В Выборге Пётр Алексеевич вышел на минуту из поезда и купил свежую газету. Из неё он узнал, что во второй половине дня дело Навроцкого будет слушаться в окружном суде, и, как только локомотив, свистя и отдуваясь, зашёл в гавань Финляндского вокзала, поспешил в суд. Когда председатель суда, разъяснив присяжным их права и обязанности и упомянув о лежащей на них ответственности, привёл их к присяге, Пётр Алексеевич уже сидел с краю на последней скамье, переводя дыхание и протирая платком вспотевший лоб. Несмотря на громкие заголовки в газетах, публика в зале была немногочисленной и случайной, пришли, очевидно, лишь самые любопытные и те, кто нашёл здесь временное убежище от осенней непогоды. Увидав взятого под стражу Навроцкого, бледного, осунувшегося, Пётр Алексеевич поздоровался с ним кивком головы, и тот ответил ему усталой, печальной улыбкой, сквозь которую, как показалось полковнику, проглядывала спокойная уверенность, что всё это недоразумение скоро кончится. Пётр Алексеевич немного успокоился.
После оглашения обвинительного акта председатель спросил обвиняемого, считает ли тот себя виновным, на что получил отрицательный ответ. Изложение обстоятельств дела и зачтение материалов предварительного следствия товарищ прокурора, толстенький господинчик с курчавой, густой шевелюрой, закончил следующей речью:
— Господа судьи, господа присяжные заседатели! Преступление, которое мы сегодня здесь разбираем, поражает всякого честного человека своей безнравственностью. Разумеется, господа, любое преступление безнравственно, но здесь мы имеем типичный образчик падения нравов нашего времени! Господин Навроцкий, дворянин, князь, человек с университетским образованием, принадлежащий к лучшей части нашего общества, к его, так сказать, сливкам, соблазнив девицу Шарлотту Янсон, находился с ней в незаконном сожительстве, в котором грубая физическая страсть поругала всё святое, что связываем мы с институтом брака, освящённым церковью, и в конце концов привела к трагической, но, увы, закономерной развязке. Вот, господа, нравы нашего времени! Вот их падение! И если мы не остановим это падение сегодня, если не скажем эрозии общественной нравственности: «Довольно! Довольно!» (на втором «довольно» товарищ прокурора повысил голос и поднял кверху указательный палец), что мы будем иметь завтра? В каком обществе будут жить наши дети?

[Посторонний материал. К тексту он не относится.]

(* Let $1<r<\infty$. There is $C<\infty$ (depending only on $n,r$) such that for all $x\in\mathbb{R}^n$, $t>0$ and all locally $r$-integrable $f$ on $\mathbb{R}^n$, $$\left(\frac{1}{|B(x,t)|}\int_{B(x,t)}|\mathcal{M}(f)(y)|^r\,dy\right)^{1/r}\le C\left(\frac{1}{|B(x,2t)|}\int_{B(x,2t)}|f(y)|^r\,dy\right)^{1/r}+C\,\mathcal{M}_u\!\left(\frac{1}{|B(\cdot,t)|}\int_{B(\cdot,t)}|f(z)|\,dz\right)(x).$$
   Context: $\mathcal{M}$ is the centered Hardy–Littlewood maximal operator $\mathcal{M}(f)(x)=\sup_{\tau>0}\frac{1}{|B(x,\tau)|}\int_{B(x,\tau)}|f|$, and $\mathcal{M}_u$ is the uncentered Hardy–Littlewood maximal operator (supremum of averages over all balls containing the point). *)

theory Defs
  imports "HOL-Analysis.Analysis"
begin

definition enn_powr :: "ennreal \<Rightarrow> real \<Rightarrow> ennreal" where
  "enn_powr e p = (if e = \<infinity> then \<infinity> else ennreal (enn2real e powr p))"

definition ball_avg :: "('a::euclidean_space \<Rightarrow> ennreal) \<Rightarrow> 'a \<Rightarrow> real \<Rightarrow> ennreal" where
  "ball_avg g c s = (\<integral>\<^sup>+ y\<in>ball c s. g y \<partial>lebesgue) / emeasure lebesgue (ball c s)"

definition maximal_c :: "('a::euclidean_space \<Rightarrow> real) \<Rightarrow> 'a \<Rightarrow> ennreal" where
  "maximal_c f x = (SUP \<tau>\<in>{0<..}. ball_avg (\<lambda>y. ennreal \<bar>f y\<bar>) x \<tau>)"

definition maximal_u :: "('a::euclidean_space \<Rightarrow> ennreal) \<Rightarrow> 'a \<Rightarrow> ennreal" where
  "maximal_u g x = (SUP p\<in>{(c, s). s > 0 \<and> x \<in> ball c s}. ball_avg g (fst p) (snd p))"

definition locally_Lp :: "real \<Rightarrow> ('a::euclidean_space \<Rightarrow> real) \<Rightarrow> bool" where
  "locally_Lp r f \<longleftrightarrow> f \<in> borel_measurable lebesgue \<and>
     (\<forall>K. compact K \<longrightarrow> (\<integral>\<^sup>+ y\<in>K. ennreal (\<bar>f y\<bar> powr r) \<partial>lebesgue) < \<infinity>)"
text \<open>The main estimate: write \<open>w - w'\<close> minus the block sum of the increment of \<open>Gv\<close> as
  \<open>\<alpha>\<^sub>\<bottom> x + \<alpha> y\<close>; the first component of \<open>chi_core\<close> controls \<open>x\<close>, and the stability of
  \<open>1 + \<beta>\<^sup>T \<alpha>\<close> turns the increment identity at \<open>(w, \<xi>)\<close>, \<open>(w', 0)\<close> into a bound on \<open>(y, \<xi>)\<close>,
  where \<open>\<xi>\<close> are the tail sums of that increment.\<close>

lemma vnorm_diff_le_chi_core_diff:
  fixes \<alpha> \<alpha>perp G :: "real mat"
  assumes hyp: "stable_increments p k r \<alpha> bbar \<rho> Th Gv" and p: "p > 0" and rp: "r \<le> p"
    and a: "\<alpha> \<in> carrier_mat p r" and ap: "\<alpha>perp \<in> carrier_mat p (p - r)"
    and ainj: "\<forall>y\<in>carrier_vec r. \<alpha> *\<^sub>v y = 0\<^sub>v p \<longrightarrow> y = 0\<^sub>v r"
    and apinj: "\<forall>x\<in>carrier_vec (p - r). \<alpha>perp *\<^sub>v x = 0\<^sub>v p \<longrightarrow> x = 0\<^sub>v (p - r)"
    and orth: "transpose_mat \<alpha>perp * \<alpha> = 0\<^sub>m (p - r) r"
    and c: "c > 0"
    and low: "\<And>\<beta> s. \<beta> \<in> carrier_mat (p + p * (k - 1)) (r + p * (k - 1)) \<Longrightarrow> mnorm \<beta> \<le> bbar \<Longrightarrow>
       sprad (1\<^sub>m (r + p * (k - 1)) + transpose_mat \<beta> * bold_alpha p k r \<alpha>) \<le> \<rho> \<Longrightarrow>
       s \<in> carrier_vec (r + p * (k - 1)) \<Longrightarrow> c * vnorm s \<le> vnorm (transpose_mat \<beta> *\<^sub>v (bold_alpha p k r \<alpha> *\<^sub>v s))"
    and G: "G \<in> carrier_mat (p - r) (p - r)"
      "\<And>x. x \<in> carrier_vec (p - r) \<Longrightarrow> G *\<^sub>v (transpose_mat \<alpha>perp *\<^sub>v (\<alpha>perp *\<^sub>v x)) = x"
    and w: "w \<in> carrier_vec p" and w': "w' \<in> carrier_vec p"
  shows "vnorm (w - w') \<le> (mat_abs_sum (bold_alpha p k r \<alpha>) * (1 + bbar * mat_abs_sum \<alpha>perp * mat_abs_sum G) / c
      + mat_abs_sum \<alpha>perp * mat_abs_sum G) * vnorm (chi_core p k \<alpha>perp Th Gv w - chi_core p k \<alpha>perp Th Gv w')"
proof -
  let ?P = "p * (k - 1)" and ?bA = "bold_alpha p k r \<alpha>" and ?A = "mat_abs_sum \<alpha>perp"
  let ?Pd = "vnorm (chi_core p k \<alpha>perp Th Gv w - chi_core p k \<alpha>perp Th Gv w')"
  define d \<delta> \<eta> where "d = w - w'" and "\<delta> = Gv w - Gv w'" and "\<eta> = Th w - Th w'"
  note cw = stable_increments_carrier[OF hyp w] and cw' = stable_increments_carrier[OF hyp w']
  have d: "d \<in> carrier_vec p" and \<delta>: "\<delta> \<in> carrier_vec ?P" and \<eta>: "\<eta> \<in> carrier_vec r"
    using w w' cw cw' unfolding d_def \<delta>_def \<eta>_def by auto
  have b0: "0 \<le> bbar" by (rule stable_increments_bbar_nonneg[OF hyp])
  obtain x y where x: "x \<in> carrier_vec (p - r)" and y: "y \<in> carrier_vec r"
    and u: "d - block_sum p k \<delta> = \<alpha>perp *\<^sub>v x + \<alpha> *\<^sub>v y"
    using orthogonal_blocks_decomposition[OF a ap rp ainj apinj orth, of "d - block_sum p k \<delta>"] d by auto
  have "chi_core p k \<alpha>perp Th Gv w - chi_core p k \<alpha>perp Th Gv w'
      = (transpose_mat \<alpha>perp *\<^sub>v (\<alpha>perp *\<^sub>v x)) @\<^sub>v \<eta>"
    unfolding chi_core_diff[OF ap cw(1) cw'(1) cw(2) cw'(2) w w'] d_def[symmetric] \<delta>_def[symmetric]
      \<eta>_def[symmetric] u transpose_mult_orthogonal_sum[OF a ap orth x y] ..
  then have Pd: "vnorm (transpose_mat \<alpha>perp *\<^sub>v (\<alpha>perp *\<^sub>v x)) \<le> ?Pd" "vnorm \<eta> \<le> ?Pd"
    using vnorm_le_vnorm_append_left vnorm_le_vnorm_append_right by metis+
  have "vnorm x \<le> mat_abs_sum G * vnorm (transpose_mat \<alpha>perp *\<^sub>v (\<alpha>perp *\<^sub>v x))"
    using vnorm_mult_mat_vec_le[of "transpose_mat \<alpha>perp *\<^sub>v (\<alpha>perp *\<^sub>v x)" G] G ap x by simp
  then have hx: "vnorm x \<le> mat_abs_sum G * ?Pd"
    using Pd(1) mat_abs_sum_nonneg[of G] by (meson mult_left_mono order_trans)
  obtain \<beta> where \<beta>: "\<beta> \<in> carrier_mat (p + ?P) (r + ?P)" "mnorm \<beta> \<le> bbar"
    "sprad (1\<^sub>m (r + ?P) + transpose_mat \<beta> * ?bA) \<le> \<rho>"
    and inc: "transpose_mat \<beta> *\<^sub>v (d @\<^sub>v tail_sums p k \<delta>) = \<eta> @\<^sub>v 0\<^sub>v ?P"
    using increment_tail_sums[OF hyp p w w'] unfolding d_def \<delta>_def \<eta>_def by blast
  note key = bold_alpha_decomposition[OF a ap p x y d \<delta> u]
  let ?s = "y @\<^sub>v tail_sums p k \<delta>" and ?v = "(\<alpha>perp *\<^sub>v x) @\<^sub>v 0\<^sub>v ?P"
  have s: "?s \<in> carrier_vec (r + ?P)" by (rule append_carrier_vec[OF y tail_sums_carrier])
  have v: "?v \<in> carrier_vec (p + ?P)" by (rule append_carrier_vec) (use ap x in auto)
  have "c * vnorm ?s \<le> vnorm (\<eta> @\<^sub>v 0\<^sub>v ?P) + mnorm \<beta> * vnorm ?v"
    using vnorm_lower_bound_perturbed[OF \<beta>(1) bold_alpha_carrier[OF a] s v low[OF \<beta> s]] inc key by simp
  also have "\<dots> \<le> ?Pd + bbar * (?A * (mat_abs_sum G * ?Pd))"
    using Pd(2) \<beta>(2) b0 hx vnorm_mult_mat_vec_le[of x \<alpha>perp] ap x mat_abs_sum_nonneg[of \<alpha>perp]
    by (auto intro!: add_mono mult_mono order_trans[OF _ mult_left_mono[OF hx]] simp: vnorm_nonneg)
  finally have hs: "vnorm ?s \<le> (1 + bbar * ?A * mat_abs_sum G) * ?Pd / c"
    using c by (simp add: le_divide_eq algebra_simps)
  have "vnorm d \<le> vnorm (d @\<^sub>v tail_sums p k \<delta>)" by (rule vnorm_le_vnorm_append_left)
  also have "\<dots> \<le> vnorm (?bA *\<^sub>v ?s) + vnorm ?v"
    unfolding key by (rule vnorm_add_le) (use bold_alpha_carrier[OF a, of k] ap in simp)
  also have "\<dots> \<le> mat_abs_sum ?bA * vnorm ?s + ?A * vnorm x"
    using vnorm_mult_mat_vec_le[of ?s ?bA] vnorm_mult_mat_vec_le[of x \<alpha>perp] bold_alpha_carrier[OF a, of k] ap s x y
    by (intro add_mono) auto
  also have "\<dots> \<le> mat_abs_sum ?bA * ((1 + bbar * ?A * mat_abs_sum G) * ?Pd / c) + ?A * (mat_abs_sum G * ?Pd)"
    by (intro add_mono mult_left_mono hs hx mat_abs_sum_nonneg)
  finally show ?thesis unfolding d_def by (simp add: algebra_simps)
qed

Уперев глаза в публику, товарищ прокурора на несколько секунд замер. Из задних рядов кто-то крикнул: «Верно!»
— Господа присяжные заседатели, — продолжал оратор, — позвольте мне ещё раз остановиться на мотиве данного преступления. Он очевиден: запутавшись в денежных делах, в биржевых спекуляциях, господин Навроцкий решил во что бы то ни стало исправить положение, и сделать это он мог — как ему, надо думать, это представлялось, — лишь вступив в брак с особой состоятельной. Что же мешало ему? Разумеется, господа, ревность его любовницы, угроза публичного скандала, который та могла учинить.
В голосе товарища прокурора послышались сиплые нотки. Ухватив пухлой, коротенькой ручкой графин и плеснув в стакан немного воды, он неловко его осушил.